Capturing logs during failed Task Sequence Execution

Every OSD administrator knows the feeling of configuring a complex (or even simple) OSD Deployment, testing and releasing - only to have the deployment fail.  At failure, OSD will begin a countdown to reboot and, on restart, the logs are often lost and we administrators are left wondering what went wrong.  To find out we have to start the deployment again and spend time waiting for the failure.  Wouldn't it be cool if we had a way to automate forcing OSD to collect logs when it fails before exiting?  Good news!  :)

I have spent some time recently working on just how to do that and we have two examples - both use the same approach but one is for generic task sequences (those sent through advertisements,etc) and the other is for OSD deployments.  Lets start with the generic one, explain the needed steps and the show how we incorporate that into OSD.

Take a look at a screenshot of the generic task sequence.  In this screenshot we see two groups - the Main TS Group that contains our TS steps and our Error Catching Group.  To make this work we need to ensure that the Main TS group is set to 'continue on error'' - you don't have to set the individual steps to continue on error - just the group.  From there we need to configur our Error catching group to activate in the event of a problem - note the use of the Task Sequence variable to detect whether an error condition has been flagged when we reach this group.

From here we have 4 steps that make up our error catching group, we will discuss each one followed by a series of screenshots showing how each is configured. 

Connect to folder to contain logs - this step uses the 'Connect to Network Folder' step which will connect to a precreated network share, assign a drive letter and provide credentials for the connect
Erase any pre-existing folder for machine - this step uses the 'Run Command Line' step which will attempt to remove any folders that remain from a previous execution of the error control steps
Create log folder for current machine - this step also uses the 'Run Command Line' step which will create a new folder with a name specific to the machine name running the task sequence.  Depending on where we see a failure, the machine name might be the assigned machine name or it may be a machine name like 'minint-<random string>.  This style of machine name is what you will see if the system failed while in the Windows PE phase of deployment.  For this and the previous step, not the use of the task sequence variable to capture the current machine name.
Copy logs to folder - This step will connect to the share defined above and copy any Task Sequence logs to the share.  Note the use of the task sequence variable to specify the last known logging directory from which to copy. 

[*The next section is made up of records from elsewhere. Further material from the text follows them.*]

(* Assume $\eta_{i,S}=0$ for all $i\in\{1,\dots,N\}$, and let $M$ be a positive integer. Then for $n\in\{1,\dots,M\}$: $$\ln S_{nT/M}=\ln S_{(n-1)T/M}+\tfrac{T}{M}\tilde\mu_S+\varepsilon_{n,S},$$ $$\operatorname{diag}\Big(\Big(\tfrac{T_i}{T_i-nT/M}\Big)^{\kappa_i}\Big)Z_{nT/M}=\operatorname{diag}\Big(\Big(\tfrac{T_i}{T_i-(n-1)T/M}\Big)^{\kappa_i}\Big)Z_{(n-1)T/M}+\operatorname{diag}(\phi_{n,i})\,m+\varepsilon_{n,Z},$$ $$\log F_{nT/M,i}=Z_{nT/M,i}+\log S_{nT/M,i}+r\big(T_i-\tfrac{nT}{M}\big),\quad i=1,\dots,N,$$ where $\ln S_t$ is taken componentwise, $\tilde\mu_S:=(\mu_{1,S}-\frac12\sigma_{1,S}^2,\dots,\mu_{N,S}-\frac12\sigma_{N,S}^2)^\top$, $$\phi_{n,i}:=\begin{cases}\dfrac{T_i^{\kappa_i}}{\kappa_i-1}\Big(\big(T_i-\tfrac{nT}{M}\big)^{1-\kappa_i}-\big(T_i-\tfrac{(n-1)T}{M}\big)^{1-\kappa_i}\Big),&\kappa_i\ne1,\\[1ex] T_i\ln\Big(\dfrac{T_i-(n-1)T/M}{T_i-nT/M}\Big),&\kappa_i=1,\end{cases}$$ and $\{\varepsilon_n=(\varepsilon_{n,S},\varepsilon_{n,Z})\}_{n=1}^M$ are independent Gaussian random vectors with $\mathbb E(\varepsilon_n)=0$, $\mathbb E(\varepsilon_{n,S}\varepsilon_{n,S}^\top)=\frac TM\Sigma_S$, $\mathbb E(\varepsilon_{n,S}\varepsilon_{n,Z}^\top)=(\Sigma_{FS}^\top-\Sigma_S)\operatorname{diag}(\phi_{n,i})$, and $\mathbb E(\varepsilon_{n,Z}\varepsilon_{n,Z}^\top)=[c_{ij;n}]_{N\times N}$ with $$c_{ij;n}:=\beta_{ij}\int_{(n-1)T/M}^{nT/M}\Big(\frac{T_i}{T_i-s}\Big)^{\kappa_i}\Big(\frac{T_j}{T_j-s}\Big)^{\kappa_j}ds,$$ $\beta_{ij}$ being the $(i,j)$ entry of $\Sigma_F+\Sigma_S-\Sigma_{FS}-\Sigma_{FS}^\top$.
   Context: Market model: $N\ge1$ is an integer, $r\ge0$ a constant interest rate, $T>0$ the trading horizon, and $T_1,\dots,T_N$ futures maturities with $T<T_i$ for all $i$. On a filtered probability space with Brownian filtration satisfying the usual conditions, $W_t=(W_{t,1},\dots,W_{t,2N})^\top$ is a standard $2N$-dimensional Brownian motion. Let $\tilde\Sigma=[\tilde\sigma_{ij}]$ be a real $2N\times2N$ lower triangular matrix ($\tilde\sigma_{ij}=0$ for $j>i$) and $\Sigma:=\tilde\Sigma\tilde\Sigma^\top=\begin{pmatrix}\Sigma_F&\Sigma_{FS}\\ \Sigma_{FS}^\top&\Sigma_S\end{pmatrix}$ ($N\times N$ blocks), assumed positive definite; $\sigma_{i,F}:=\sqrt{\Sigma_{ii}}$, $\sigma_{i,S}:=\sqrt{\Sigma_{N+i,N+i}}$. Constants $\mu_{i,F},\mu_{i,S},\eta_{i,F},\eta_{i,S}$ satisfy $\eta_{i,F}<\eta_{i,S}$. Futures prices $F_{t,i}$ and spot prices $S_{t,i}$ satisfy $dF_{t,i}=F_{t,i}\big[(\mu_{i,F}+\tfrac{\eta_{i,F}}{T_i-t}Z_{t,i})dt+\sum_{j=1}^{i}\tilde\sigma_{i,j}dW_{t,j}\big]$, $dS_{t,i}=S_{t,i}\big[(\mu_{i,S}+\tfrac{\eta_{i,S}}{T_i-t}Z_{t,i})dt+\sum_{j=1}^{N+i}\tilde\sigma_{N+i,j}dW_{t,j}\big]$, where $Z_{t,i}:=\log(F_{t,i}/S_{t,i})-r(T_i-t)$, $0\le t\le T$. Vectors: $S_t=(S_{t,i})_i$, $Z_t=(Z_{t,i})_i$; $m=(m_i)$ with $m_i=r+\mu_{i,F}-\mu_{i,S}-\frac12(\sigma_{i,F}^2-\sigma_{i,S}^2)$; $\kappa_i:=\eta_{i,S}-\eta_{i,F}>0$. For a vector $(a_1,\dots,a_N)$, $\operatorname{diag}(a_i)$ is the diagonal matrix with these entries. *)

theory Defs
  imports "HOL-Probability.Probability"
begin

text \<open>Indices are 1-based: futures/spot indices i range over {1..N},
Brownian components over {1..2N}. Matrices are functions nat => nat => real.\<close>

definition cov_of :: "nat \<Rightarrow> (nat \<Rightarrow> nat \<Rightarrow> real) \<Rightarrow> nat \<Rightarrow> nat \<Rightarrow> real" where
  "cov_of d tS i j = (\<Sum>k\<in>{1..d}. tS i k * tS j k)"

definition lower_triangular :: "nat \<Rightarrow> (nat \<Rightarrow> nat \<Rightarrow> real) \<Rightarrow> bool" where
  "lower_triangular d A \<longleftrightarrow> (\<forall>i\<in>{1..d}. \<forall>j\<in>{1..d}. i < j \<longrightarrow> A i j = 0)"

definition pos_def :: "nat \<Rightarrow> (nat \<Rightarrow> nat \<Rightarrow> real) \<Rightarrow> bool" where
  "pos_def d A \<longleftrightarrow> (\<forall>x :: nat \<Rightarrow> real. (\<exists>i\<in>{1..d}. x i \<noteq> 0) \<longrightarrow>
      (\<Sum>i\<in>{1..d}. \<Sum>j\<in>{1..d}. x i * A i j * x j) > 0)"

definition gaussian_rv :: "'a measure \<Rightarrow> ('a \<Rightarrow> real) \<Rightarrow> bool" where
  "gaussian_rv M X \<longleftrightarrow> X \<in> borel_measurable M \<and>
     ((\<exists>\<mu> \<sigma>. \<sigma> > 0 \<and> distributed M lborel X (normal_density \<mu> \<sigma>)) \<or>
      (\<exists>c. AE \<omega> in M. X \<omega> = c))"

 Screenshots showing how each step is configured

How about an OSD example?  The error trapping steps are exactly the same so I won't show that detail again - but the sequence is a bit more complex - take a look at the difference.  Note that the ENTIRE portion of the task sequence that does the work is nexted inside of the Error Catching - Top group.  The Error Catching - Top group is the only one here that requires 'continue on error to be set' - and then, in the event of an error, control is passed to the Error Catching group

The method I've demonstrated is just one way of doing this.  You can choose to use a script or batch file to handle these steps in one single TS step if you like.  The key, however, is that you do have to have a top group with 'continue on error' set and a final group that handles the error catching.